Doch ihn erwartet eine Überraschung: Er kommt nach Artimé, einen geheimen und magischen Ort. Hier werden die Ungewollten unterrichtet. Endlich findet Alex ein Zuhause und Freunde. Doch Aaron und Alex stehen nun auf gegnerischen Seiten, und ein Kampf entbrennt, der das Überleben von Artimé entscheidet ...

"Wächter der Magie" ist der Auftakt einer spannenden Fantasy-Serie von Lisa McMann, die sich an junge Leser ab 10 Jahren richtet. Sowas hält mich aber auch nicht davon ab Bücher dieser Art trotzdem zu lesen und jedem fantasybegeisterten Erwachsenen wird es wohl ähnlich gehen. WÄCHTER DER MAGIE beginnt sehr düster und einige Szenen sind nicht unbedingt für schwache Nerven. Erstaunlich, dass es trotzdem kind- bzw. jugendgerecht ist. Brutal wird es nicht und besonders blutrünstig, trotz all der Kämpfe auch nicht (oh, ich vergaß ... es gibt da eine Szene ... oder mehr als eine ... und diverse Andeutungen ... vielleicht ist es doch ein bisschen blutrünstig ... im erträglichen Rahmen). Tatsächlich ist es erstaunlich wie bunt das Buch und die Handlung werden, sobald Alex Quill hinter sich gelassen hat. Eine wahrhaft magische Welt eröffnet sich ihm, der komplette Kontrast zum grauen und trostlosen absolut spaßbefreiten Land Quill. Aber es ist nicht alles Friede, Freude, Eierkuchen und die Ungewollten rüsten sich für den Krieg ... mit Fertigkeiten, die sie nicht für möglich gehalten hätten.
Kreativ und spannend, mit glaubwürdigen Charakteren (auch wenn ich Aaron vielleicht für ein bisschen zu unterwürfig und "böse" erachte). Manchmal mag man an Harry Potter erinnert werden (Mr Today als "neuer" Dumbledore, Alex als Harry und seine Freunde als Harrys Freunde ...), aber man wird dem Roman mit diesem Vergleich nicht gerecht, denn eine vollkommen andere Welt wird beschrieben, die auf ihre Art innovativ und interessant ist und die Leser ebenso faszinieren wird wie Hogwarts. Ich bin auch sehr gespannt, wie es weiter geht, denn auch wenn es ein paar lose Fäden gibt (ich will nicht wieder auf Aaron zurückkommen), so wirkt die Geschichte durchaus abgeschlossen. Aber es geht weiter, und ich freue mich darauf.

Montag, 2. September 2024

Simon Rost: Der fliegende Mönch (Rezension)

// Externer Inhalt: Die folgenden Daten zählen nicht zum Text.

(* Let $A\subseteq\mathbb{F}_2^n\setminus\{0\}$ have size $q$, and let $a=\lceil\log(q+1)\rceil$. Then $A$ contains at least \[ \prod_{j=0}^{a-1}(q+1-2^j) \] ordered linearly independent $a$-tuples (i.e., tuples $(v_1,\dots,v_a)\in A^a$ with $v_1,\dots,v_a$ linearly independent over $\mathbb{F}_2$).
   Context: $\log$ denotes the base-$2$ logarithm. *)

theory Defs
  imports "HOL-Analysis.Analysis" "HOL-Library.Z2"
begin

text \<open>Vectors of F_2^n are modelled as bit ^ 'n; linear independence over F_2 is the
library notion vec.independent for the F_2-vector space structure given by scalar multiplication.\<close>

definition indep_tuples :: "(bit ^ 'n) set \<Rightarrow> nat \<Rightarrow> (bit ^ 'n) list set" where
  "indep_tuples A k = {vs. length vs = k \<and> set vs \<subseteq> A \<and> distinct vs \<and> vec.independent (set vs)}"

end

theory Submission
  imports Defs
begin

text \<open>Build ordered independent tuples one vector at a time. An independent \<open>k\<close>-tuple spans
  at most \<open>2\<^sup>k\<close> vectors, at most \<open>2\<^sup>k - 1\<close> of which are nonzero and hence possibly in \<open>A\<close>; so
  it can be prolonged by at least \<open>q + 1 - 2\<^sup>k\<close> vectors of \<open>A\<close>, and the extensions of distinct
  tuples are distinct. As long as \<open>2\<^sup>j < q + 1\<close>, which holds for all \<open>j < \<lceil>log (q + 1)\<rceil>\<close>, these
  factors are positive and the bounds multiply.\<close>

lemma UNIV_bit: "(UNIV :: bit set) = {0, 1}"
  by (auto intro: bit.exhaust)

instance bit :: finite
  by standard (simp add: UNIV_bit)

lemma card_UNIV_bit: "CARD(bit) = 2"
  by (simp add: UNIV_bit)

lemma card_vec_span_le:
  fixes S :: "('a::{field,finite} ^ 'n) set"
  assumes "finite S"
  shows "card (vec.span S) \<le> CARD('a) ^ card S"
  using assms
proof (induction S rule: finite_induct)
  case empty
  then show ?case by (simp add: vec.span_empty)
next
  case (insert a S)
  have "vec.span (insert a S) \<subseteq> (\<lambda>(k, y). k *s a + y) ` (UNIV \<times> vec.span S)"
  proof
    fix x assume "x \<in> vec.span (insert a S)"
    then obtain k where "x - k *s a \<in> vec.span S" by (auto simp: vec.span_insert)
    then show "x \<in> (\<lambda>(k, y). k *s a + y) ` (UNIV \<times> vec.span S)"
      by (intro image_eqI[where x = "(k, x - k *s a)"]) auto
  qed
  then have "card (vec.span (insert a S)) \<le> card ((\<lambda>(k, y). k *s a + y) ` (UNIV \<times> vec.span S))"
    by (intro card_mono) simp_all
  also have "\<dots> \<le> card ((UNIV :: 'a set) \<times> vec.span S)"
    by (rule card_image_le) simp
  also have "\<dots> = CARD('a) * card (vec.span S)"
    by (simp add: card_cartesian_product)
  also have "\<dots> \<le> CARD('a) * CARD('a) ^ card S"
    using insert.IH by simp
  finally show ?case
    using insert.hyps by simp
qed

lemma finite_indep_tuples: "finite (indep_tuples A k)"
proof (rule finite_subset)
  show "indep_tuples A k \<subseteq> {vs. set vs \<subseteq> UNIV \<and> length vs = k}"
    unfolding indep_tuples_def by auto
qed (rule finite_lists_length_eq, simp)

lemma indep_tuples_0: "indep_tuples A 0 = {[]}"
  unfolding indep_tuples_def by (auto simp: vec.independent_empty)

lemma Cons_in_indep_tuples_Suc:
  assumes "vs \<in> indep_tuples A k" and "v \<in> A" and "v \<notin> vec.span (set vs)"
  shows "v # vs \<in> indep_tuples A (Suc k)"
proof -
  have "v \<notin> set vs"
    using assms(3) vec.span_base by blast
  then show ?thesis
    using assms unfolding indep_tuples_def by (auto simp: vec.independent_insert)
qed

lemma card_diff_span_indep_tuple_ge:
  assumes "0 \<notin> A" and "vs \<in> indep_tuples A k"
  shows "int (card A) + 1 - 2 ^ k \<le> int (card (A - vec.span (set vs)))"
proof -
  let ?V = "vec.span (set vs)"
  have "card (set vs) = k"
    using assms(2) unfolding indep_tuples_def by (auto simp: distinct_card)
  then have "card ?V \<le> 2 ^ k"
    using card_vec_span_le[of "set vs"] by (simp add: card_UNIV_bit)
  moreover have "card (A \<inter> ?V) \<le> card (?V - {0})"
    using assms(1) by (intro card_mono) auto
  moreover have "card (?V - {0}) = card ?V - 1"
    by (simp add: vec.span_zero)
  moreover have "card ?V \<ge> 1"
    using vec.span_zero[of "set vs"] by (metis One_nat_def Suc_leI card_gt_0_iff empty_iff finite)
  moreover have "card (A - ?V) + card (A \<inter> ?V) = card A"
    using card_Int_Diff[of A ?V] by simp
  ultimately have "card A + 1 \<le> card (A - ?V) + 2 ^ k"
    by linarith
  then have "int (card A + 1) \<le> int (card (A - ?V) + 2 ^ k)"
    by (simp only: of_nat_le_iff)
  then show ?thesis
    unfolding of_nat_add of_nat_power of_nat_numeral of_nat_1 by linarith
qed

lemma card_indep_tuples_Suc_ge:
  assumes "0 \<notin> A"
  shows "int (card (indep_tuples A k)) * (int (card A) + 1 - 2 ^ k)
           \<le> int (card (indep_tuples A (Suc k)))"
proof -
  let ?T = "indep_tuples A k"
  let ?ext = "\<lambda>vs. (\<lambda>v. v # vs) ` (A - vec.span (set vs))"
  have card_Union_ext: "card (\<Union>vs\<in>?T. ?ext vs) = (\<Sum>vs\<in>?T. card (?ext vs))"
    by (rule card_UN_disjoint) (auto simp: finite_indep_tuples)
  have Union_ext_subset: "(\<Union>vs\<in>?T. ?ext vs) \<subseteq> indep_tuples A (Suc k)"
    using Cons_in_indep_tuples_Suc by blast
  have "int (card ?T) * (int (card A) + 1 - 2 ^ k) = (\<Sum>vs\<in>?T. int (card A) + 1 - 2 ^ k)"
    by simp
  also have "\<dots> \<le> (\<Sum>vs\<in>?T. int (card (A - vec.span (set vs))))"
    using card_diff_span_indep_tuple_ge[OF assms] by (intro sum_mono) blast
  also have "\<dots> = int (card (\<Union>vs\<in>?T. ?ext vs))"
    by (simp add: card_Union_ext card_image inj_on_def)
  also have "\<dots> \<le> int (card (indep_tuples A (Suc k)))"
    using Union_ext_subset by (simp add: card_mono finite_indep_tuples)
  finally show ?thesis .
qed

lemma prod_le_card_indep_tuples:
  assumes "0 \<notin> A" and "2 ^ (k - 1) \<le> card A + 1"
  shows "(\<Prod>j<k. int (card A) + 1 - 2 ^ j) \<le> int (card (indep_tuples A k))"
  using assms(2)
proof (induction k)
  case 0
  then show ?case by (simp add: indep_tuples_0)
next
  case (Suc k)
  have "2 ^ k \<le> card A + 1"
    using Suc.prems by simp
  then have IH: "(\<Prod>j<k. int (card A) + 1 - 2 ^ j) \<le> int (card (indep_tuples A k))"
    by (intro Suc.IH) (meson diff_le_self le_trans one_le_numeral power_increasing)
  have "int (2 ^ k) \<le> int (card A + 1)"
    using \<open>2 ^ k \<le> card A + 1\<close> by (simp only: of_nat_le_iff)
  then have "0 \<le> int (card A) + 1 - 2 ^ k"
    unfolding of_nat_add of_nat_power of_nat_numeral of_nat_1 by linarith
  then have "(\<Prod>j<Suc k. int (card A) + 1 - 2 ^ j)
               \<le> int (card (indep_tuples A k)) * (int (card A) + 1 - 2 ^ k)"
    using IH by (simp add: mult_right_mono)
  also have "\<dots> \<le> int (card (indep_tuples A (Suc k)))"
    by (rule card_indep_tuples_Suc_ge[OF assms(1)])
  finally show ?case .
qed

lemma power_less_of_less_ceiling_log:
  fixes b x :: real
  assumes "1 < b" and "0 < x" and "j < nat \<lceil>log b x\<rceil>"
  shows "b ^ j < x"
proof -
  have "real j < log b x"
    using assms(3) by linarith
  then show ?thesis
    using assms(1,2) by (simp add: less_log_iff powr_realpow)
qed

theorem lemma2p1:
  fixes A :: "(bit ^ 'n) set" and q :: nat
  assumes "A \<subseteq> UNIV - {0}" and "card A = q"
  shows "(\<Prod>j<nat \<lceil>log 2 (real q + 1)\<rceil>. (int q + 1 - 2 ^ j))
           \<le> int (card (indep_tuples A (nat \<lceil>log 2 (real q + 1)\<rceil>)))"
proof -
  let ?a = "nat \<lceil>log 2 (real q + 1)\<rceil>"
  have "2 ^ (?a - 1) \<le> q + 1"
  proof (cases "?a = 0")
    case False
    then have "real (2 ^ (?a - 1)) < real (q + 1)"
      using power_less_of_less_ceiling_log[of 2 "real q + 1" "?a - 1"] by simp
    then show ?thesis
      by (simp only: of_nat_less_iff less_imp_le)
  qed simp
  moreover have "0 \<notin> A"
    using assms(1) by blast
  ultimately show ?thesis
    using prod_le_card_indep_tuples[of A ?a] assms(2) by simp
qed

end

Kaspar Mohr (* 1575 in Busenberg, jetzt Hochdorf; † 6. Juli 1625 in Jebenhausen, heute Stadtteil von Göppingen) war Chorherr und (zeitweise) Prior des Prämonstratenserklosters Schussenried. Mohr erfand einen Flugapparat aus federnbesetzten Flügeln, mit dem er einen Flugversuch aus dem Dormitorium im 3. Stockwerk des (alten) Klosters in den Klostergarten unternehmen wollte.
Kaspar Mohr ist, neben anderen Zeitgenossen, der Protagonist in Simon Rosts Roman DER FLIEGENDE MÖNCH, in dem historische Ereignisse mit Fiktion gemischt werden.